For businesses committed to innovation, unstructured data presents a lot of opportunities. In an enterprise, data is everywhere. It comes in different shapes and sizes ready to be analyzed for business intelligence. Historically, businesses have relied on structured data for insights. The predefined format and accessibility of structured data lends itself to easy analysis. Yet 80% of enterprise data remains untapped due to its unstructured format. Enterprises did not know how to tap into unstructured data or how to leverage it for opportunity. It was mysterious and out of reach carrying within it transformational insights. As data analytics tools and technologies adapted to using unstructured data, the pros and cons of this type of data emerged.
Pros Of Unstructured Data
In the enterprise, unstructured data has advantages across architecture and business.
Unstructured data does not have a defined purpose which makes it incredibly versatile. It can be used across different formats. While structured data is trapped in Excel spreadsheets of rows and columns, unstructured data can be generated across social media posts, video, audio, and free form text. This makes unstructured data beneficial for generating a greater number of use cases and applications than structured data.

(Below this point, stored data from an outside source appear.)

lemma imp_Sup_left: "imp (Sup B) c = (INF b\<in>B. imp b c)"
  by (rule eq_by_lower_bounds) (simp add: residuation[symmetric] mult_Sup_right SUP_le_iff le_INF_iff)

lemma imp_mult_left: "imp (m a b) c = imp a (imp b c)"
  by (rule eq_by_lower_bounds) (simp add: residuation[symmetric] mult_assoc)

lemma imp_le_prefix: "imp b c \<le> imp (imp e b) (imp e c)"
proof -
  have "m (m (imp b c) (imp e b)) e = m (imp b c) (m (imp e b) e)" by (rule mult_assoc)
  also have "\<dots> \<le> m (imp b c) b" by (rule mult_mono_right[OF modus_ponens])
  also have "\<dots> \<le> c" by (rule modus_ponens)
  finally show ?thesis by (simp add: residuation)
qed

lemma neg_mult: "neg imp (m a b) = imp a (neg imp b)"
  unfolding neg_def by (rule imp_mult_left)

lemma neg_Sup: "neg imp (Sup B) = (INF b\<in>B. neg imp b)"
  unfolding neg_def by (rule imp_Sup_left)

lemma double_neg_ge: "a \<le> neg imp (neg imp a)"
  unfolding neg_def by (rule imp_swap[THEN iffD2]) simp

lemma neg_antimono:
  assumes "b \<le> c"
  shows "neg imp c \<le> neg imp b"
proof -
  have "m (neg imp c) b \<le> m (neg imp c) c"
    using assms by (rule mult_mono_right)
  also have "\<dots> \<le> bot"
    unfolding neg_def by (rule modus_ponens)
  finally show ?thesis
    by (simp add: neg_def residuation)
qed

lemma triple_neg: "neg imp (neg imp (neg imp a)) = neg imp a"
  by (rule order.antisym[OF neg_antimono[OF double_neg_ge] double_neg_ge])

lemma imp_le_contrapos: "imp b c \<le> imp (neg imp c) (neg imp b)"
  unfolding neg_def using imp_le_prefix[of c bot b] by (simp add: imp_swap)

lemma imp_neg_contrapos:
  assumes double_neg: "\<And>a. neg imp (neg imp a) = a"
  shows "imp (neg imp b) c = imp (neg imp c) b"
  using imp_le_contrapos[of "neg imp b" c] imp_le_contrapos[of "neg imp c" b]
  by (simp add: double_neg order.antisym)

lemma all_ex_neg_eq_down_up:
  assumes double_neg: "\<And>a. neg imp (neg imp a) = a"
  shows "all imp X Y (\<lambda>x y. neg imp (\<phi> x y)) (ex m X Y (\<lambda>x y. neg imp (\<phi> x y)) \<mu>)
    = down imp X Y \<phi> (up imp X Y \<phi> \<mu>)"
proof -
  have "imp (neg imp (\<phi> x y)) (SUP x'\<in>X. m (\<mu> x') (neg imp (\<phi> x' y)))
      = imp (INF x'\<in>X. imp (\<mu> x') (\<phi> x' y)) (\<phi> x y)" for x y
    by (subst imp_neg_contrapos[OF double_neg]) (simp add: neg_Sup image_comp neg_mult double_neg)
  then show ?thesis
    by (intro ext) (simp add: all_def down_def ex_def up_def cong: INF_cong)
qed

lemma RST_reduct_neg_iff_FCA_reduct:
  assumes "\<And>a. neg imp (neg imp a) = a"
  shows "RST_reduct m imp X Y (\<lambda>x y. neg imp (\<phi> x y)) X' Y' \<longleftrightarrow> FCA_reduct imp X Y \<phi> X' Y'"
  unfolding RST_reduct_def FCA_reduct_def Kset_def Mset_def all_ex_neg_eq_down_up[OF assms] ..

end

definition two_object_context :: "'l::complete_lattice \<Rightarrow> nat \<Rightarrow> nat \<Rightarrow> 'l" where
  "two_object_context a x y = (if x = 0 then bot else a)"

lemma bij_betw_LFun_singleton: "bij_betw (\<lambda>\<mu>. \<mu> x) (LFun {x}) UNIV"
proof (rule bij_betwI')
  show "\<mu> x = \<nu> x \<longleftrightarrow> \<mu> = \<nu>" if "\<mu> \<in> LFun {x}" "\<nu> \<in> LFun {x}" for \<mu> \<nu>
  proof
    assume "\<mu> x = \<nu> x"
    show "\<mu> = \<nu>"
    proof
      show "\<mu> z = \<nu> z" for z
        using that \<open>\<mu> x = \<nu> x\<close> unfolding LFun_def by (cases "z = x") auto
    qed
  qed simp
  show "\<exists>\<mu>\<in>LFun {x}. l = \<mu> x" for l
    by (rule bexI[of _ "\<lambda>z. if z = x then l else bot"]) (simp_all add: LFun_def)
qed simp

The power of unstructured data in delivering transformational insights is unparalleled. Because an enterprise has more unstructured data than structured data, there is more volume of data to work with. Even though unstructured data is more difficult to analyze, once it is processed, it can give a powerful competitive edge to any business.
Structured data is stored in data lakes which can be costly and time-consuming to access. Conversely, unstructured data is stored in data warehouses which makes it cheap to store and easy to access.
Cons Of Unstructured Data
The new adoption of unstructured data makes it prone to more unknowns and some disadvantages.
Hard To Analyze
Structured data has been used by businesses for years, it has become user-friendly. An average user with data knowledge can access and analyze it. Unstructured data is not that easy to wrangle. It needs trained data scientists and data analysts to take it from raw form and extract value from it.
Data Analytics Tools
For structured data, a user can use Excel to derive insights from it. Unstructured data cannot be managed by traditional business tools. A business looking to derive value from unstructured data needs to invest in the right data analytics tool. All data analytics tools are not created equal. Some tools have Artificial Intelligence (AI) and Natural Language Processing (NLP) technologies that help with data analysis.
Unstructured data comes in many different formats. When analyzing diverse formats across medical records, social media posts, and emails, unstructured data may become challenging to analyze and leverage.
For the enterprise looking to succeed in a competitive market, it needs to harness the chaos of unstructured data into insights. The new adoption of unstructured data comes with advantages and disadvantages for the enterprise. While unstructured data can yield powerful insights, it is harder to analyze than structured data due to a lack of predefined format and a number of different formats. Once an enterprise selects the right data analytics tools to harness unstructured data, it will step into the future of possibilities.